### [Task description]
Please restate each entry below, word for word.

### [Given records]
lemma svd_on_threshold_split:
  assumes svd: "svd_on Z I s u v" and lam: "lam \<ge> 0"
  obtains Z_top Z_rest where "Z = Z_top + Z_rest" "svd_on Z_top {i \<in> I. lam < s i} s u v"
    "\<And>i. i \<in> I \<Longrightarrow> lam < s i \<Longrightarrow> Z_rest *v v i = 0"
    "\<And>i. i \<in> I \<Longrightarrow> lam < s i \<Longrightarrow> transpose Z_rest *v u i = 0"
    "\<And>y. norm (Z_rest *v y) \<le> lam * norm y"
proof -
  define Top where "Top = {i \<in> I. lam < s i}"
  define Z_rest where "Z_rest = (\<Sum>i\<in>I - Top. s i *\<^sub>R outer (u i) (v i))"
  have "finite I" using svd by (simp add: svd_on_def)
  then have "Z = (\<Sum>i\<in>Top. s i *\<^sub>R outer (u i) (v i)) + Z_rest"
    using svd by (simp add: svd_on_def Z_rest_def Top_def sum.subset_diff[of Top I])
  moreover have "svd_on (\<Sum>i\<in>Top. s i *\<^sub>R outer (u i) (v i)) {i \<in> I. lam < s i} s u v"
    unfolding Top_def by (rule svd_on_subset[OF svd]) auto
  moreover have "Z_rest *v v i = 0" "transpose Z_rest *v u i = 0" if "i \<in> I" "lam < s i" for i
    using svd_on_subset_orthogonal[OF svd, of "I - Top" i] that by (auto simp: Z_rest_def Top_def)
  moreover have "svd_on Z_rest (I - Top) s u v"
    unfolding Z_rest_def by (rule svd_on_subset[OF svd]) auto
  then have "norm (Z_rest *v y) \<le> lam * norm y" for y
    by (rule svd_on_norm_le[OF _ lam]) (auto simp: Top_def)
  ultimately show thesis by (rule that)
qed

theorem svt_left_compression:
  fixes Z :: "real^'n^'m" and Q :: "real^'k^'m"
  assumes lam: "lam \<ge> 0" and svd: "svd_on Z I s u v" and Q: "transpose Q ** Q = mat 1"
    and range: "\<And>i. i \<in> I \<Longrightarrow> lam < s i \<Longrightarrow> u i \<in> range (\<lambda>x. Q *v x)"
  shows "svt lam Z = Q ** svt lam (transpose Q ** Z)"
proof -
  obtain Z_top Z_rest where Z: "Z = Z_top + Z_rest"
    and svd_top: "svd_on Z_top {i \<in> I. lam < s i} s u v"
    and rest_v: "\<And>i. i \<in> I \<Longrightarrow> lam < s i \<Longrightarrow> Z_rest *v v i = 0"
    and rest_u: "\<And>i. i \<in> I \<Longrightarrow> lam < s i \<Longrightarrow> transpose Z_rest *v u i = 0"
    and rest_norm: "\<And>y. norm (Z_rest *v y) \<le> lam * norm y"
    by (rule svd_on_threshold_split[OF svd lam]) blast
  have proj: "Q *v (transpose Q *v u i) = u i" if top: "i \<in> I" "lam < s i" for i
  proof -
    obtain x where "u i = Q *v x" using range[OF top] by blast
    then show ?thesis
      using Q by (simp add: matrix_vector_mul_assoc del: transpose_matrix_vector)
  qed
  have "svd_on (transpose Q ** Z_top) {i \<in> I. lam < s i} s (\<lambda>i. transpose Q *v u i) v"
    by (rule svd_on_left_mult[OF svd_top]) (simp add: proj del: transpose_matrix_vector)
  moreover have "transpose (transpose Q ** Z_rest) *v (transpose Q *v u i) = 0"
    if "i \<in> I" "lam < s i" for i
    using rest_u[OF that] proj[OF that]
    by (simp add: matrix_transpose_mul matrix_vector_mul_assoc[symmetric] del: transpose_matrix_vector)
  moreover have "norm ((transpose Q ** Z_rest) *v y) \<le> lam * norm y" for y
    using norm_transpose_isometry_le[OF Q, of "Z_rest *v y"] rest_norm[of y]
    by (simp add: matrix_vector_mul_assoc[symmetric] del: transpose_matrix_vector)
  ultimately have "svt lam (transpose Q ** Z)
      = (\<Sum>i\<in>{i \<in> I. lam < s i}. max (s i - lam) 0 *\<^sub>R outer (transpose Q *v u i) (v i))"
    using rest_v lam unfolding Z matrix_add_ldistrib
    by (intro svt_add_orthogonal)
      (simp_all add: matrix_vector_mul_assoc[symmetric] del: transpose_matrix_vector)
  moreover have "svt lam Z = (\<Sum>i\<in>{i \<in> I. lam < s i}. max (s i - lam) 0 *\<^sub>R outer (u i) (v i))"
    unfolding Z by (rule svt_add_orthogonal[OF lam svd_top])
      (simp_all add: rest_u rest_v rest_norm del: transpose_matrix_vector)
  ultimately show ?thesis
    by (simp add: matrix_mult_sum matrix_mult_scaleR matrix_mult_outer proj del: transpose_matrix_vector)
qed

theorem proposition4:
  fixes Z :: "real^'n^'m" and Q :: "real^'k^'m" and lam :: real
    and r :: nat and s :: "nat \<Rightarrow> real" and u :: "nat \<Rightarrow> real^'m" and v :: "nat \<Rightarrow> real^'n"
  assumes lam: "lam \<ge> 0"
    and svd: "compact_svd Z r s u v"
    and k: "card {i. i < r \<and> s i > lam} \<le> CARD('k)"
    and Q_orth: "transpose Q ** Q = mat 1"
    and Q_span: "span {u i | i. i < r \<and> s i > lam} \<subseteq> range (\<lambda>x. Q *v x)"
  shows "svt lam Z = Q ** svt lam (transpose Q ** Z)"
proof (rule svt_left_compression[OF lam _ Q_orth])
  show "svd_on Z {..<r} s u v" using svd by (simp add: compact_svd_iff_svd_on)
  show "u i \<in> range (\<lambda>x. Q *v x)" if "i \<in> {..<r}" "lam < s i" for i
    using Q_span span_base[of "u i" "{u i | i. i < r \<and> s i > lam}"] that by auto
qed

### [Output for this exercise]
lemma svd_on_threshold_split:
  assumes svd: "svd_on Z I s u v" and lam: "lam \<ge> 0"
  obtains Z_top Z_rest where "Z = Z_top + Z_rest" "svd_on Z_top {i \<in> I. lam < s i} s u v"
    "\<And>i. i \<in> I \<Longrightarrow> lam < s i \<Longrightarrow> Z_rest *v v i = 0"
    "\<And>i. i \<in> I \<Longrightarrow> lam < s i \<Longrightarrow> transpose Z_rest *v u i = 0"
    "\<And>y. norm (Z_rest *v y) \<le> lam * norm y"
proof -
  define Top where "Top = {i \<in> I. lam < s i}"
  define Z_rest where "Z_rest = (\<Sum>i\<in>I - Top. s i *\<^sub>R outer (u i) (v i))"
  have "finite I" using svd by (simp add: svd_on_def)
  then have "Z = (\<Sum>i\<in>Top. s i *\<^sub>R outer (u i) (v i)) + Z_rest"
    using svd by (simp add: svd_on_def Z_rest_def Top_def sum.subset_diff[of Top I])
  moreover have "svd_on (\<Sum>i\<in>Top. s i *\<^sub>R outer (u i) (v i)) {i \<in> I. lam < s i} s u v"
    unfolding Top_def by (rule svd_on_subset[OF svd]) auto
  moreover have "Z_rest *v v i = 0" "transpose Z_rest *v u i = 0" if "i \<in> I" "lam < s i" for i
    using svd_on_subset_orthogonal[OF svd, of "I - Top" i] that by (auto simp: Z_rest_def Top_def)
  moreover have "svd_on Z_rest (I - Top) s u v"
    unfolding Z_rest_def by (rule svd_on_subset[OF svd]) auto
  then have "norm (Z_rest *v y) \<le> lam * norm y" for y
    by (rule svd_on_norm_le[OF _ lam]) (auto simp: Top_def)
  ultimately show thesis by (rule that)
qed

theorem svt_left_compression:
  fixes Z :: "real^'n^'m" and Q :: "real^'k^'m"
  assumes lam: "lam \<ge> 0" and svd: "svd_on Z I s u v" and Q: "transpose Q ** Q = mat 1"
    and range: "\<And>i. i \<in> I \<Longrightarrow> lam < s i \<Longrightarrow> u i \<in> range (\<lambda>x. Q *v x)"
  shows "svt lam Z = Q ** svt lam (transpose Q ** Z)"
proof -
  obtain Z_top Z_rest where Z: "Z = Z_top + Z_rest"
    and svd_top: "svd_on Z_top {i \<in> I. lam < s i} s u v"
    and rest_v: "\<And>i. i \<in> I \<Longrightarrow> lam < s i \<Longrightarrow> Z_rest *v v i = 0"
    and rest_u: "\<And>i. i \<in> I \<Longrightarrow> lam < s i \<Longrightarrow> transpose Z_rest *v u i = 0"
    and rest_norm: "\<And>y. norm (Z_rest *v y) \<le> lam * norm y"
    by (rule svd_on_threshold_split[OF svd lam]) blast
  have proj: "Q *v (transpose Q *v u i) = u i" if top: "i \<in> I" "lam < s i" for i
  proof -
    obtain x where "u i = Q *v x" using range[OF top] by blast
    then show ?thesis
      using Q by (simp add: matrix_vector_mul_assoc del: transpose_matrix_vector)
  qed
  have "svd_on (transpose Q ** Z_top) {i \<in> I. lam < s i} s (\<lambda>i. transpose Q *v u i) v"
    by (rule svd_on_left_mult[OF svd_top]) (simp add: proj del: transpose_matrix_vector)
  moreover have "transpose (transpose Q ** Z_rest) *v (transpose Q *v u i) = 0"
    if "i \<in> I" "lam < s i" for i
    using rest_u[OF that] proj[OF that]
    by (simp add: matrix_transpose_mul matrix_vector_mul_assoc[symmetric] del: transpose_matrix_vector)
  moreover have "norm ((transpose Q ** Z_rest) *v y) \<le> lam * norm y" for y
    using norm_transpose_isometry_le[OF Q, of "Z_rest *v y"] rest_norm[of y]
    by (simp add: matrix_vector_mul_assoc[symmetric] del: transpose_matrix_vector)
  ultimately have "svt lam (transpose Q ** Z)
      = (\<Sum>i\<in>{i \<in> I. lam < s i}. max (s i - lam) 0 *\<^sub>R outer (transpose Q *v u i) (v i))"
    using rest_v lam unfolding Z matrix_add_ldistrib
    by (intro svt_add_orthogonal)
      (simp_all add: matrix_vector_mul_assoc[symmetric] del: transpose_matrix_vector)
  moreover have "svt lam Z = (\<Sum>i\<in>{i \<in> I. lam < s i}. max (s i - lam) 0 *\<^sub>R outer (u i) (v i))"
    unfolding Z by (rule svt_add_orthogonal[OF lam svd_top])
      (simp_all add: rest_u rest_v rest_norm del: transpose_matrix_vector)
  ultimately show ?thesis
    by (simp add: matrix_mult_sum matrix_mult_scaleR matrix_mult_outer proj del: transpose_matrix_vector)
qed

theorem proposition4:
  fixes Z :: "real^'n^'m" and Q :: "real^'k^'m" and lam :: real
    and r :: nat and s :: "nat \<Rightarrow> real" and u :: "nat \<Rightarrow> real^'m" and v :: "nat \<Rightarrow> real^'n"
  assumes lam: "lam \<ge> 0"
    and svd: "compact_svd Z r s u v"
    and k: "card {i. i < r \<and> s i > lam} \<le> CARD('k)"
    and Q_orth: "transpose Q ** Q = mat 1"
    and Q_span: "span {u i | i. i < r \<and> s i > lam} \<subseteq> range (\<lambda>x. Q *v x)"
  shows "svt lam Z = Q ** svt lam (transpose Q ** Z)"
proof (rule svt_left_compression[OF lam _ Q_orth])
  show "svd_on Z {..<r} s u v" using svd by (simp add: compact_svd_iff_svd_on)
  show "u i \<in> range (\<lambda>x. Q *v x)" if "i \<in> {..<r}" "lam < s i" for i
    using Q_span span_base[of "u i" "{u i | i. i < r \<and> s i > lam}"] that by auto
qed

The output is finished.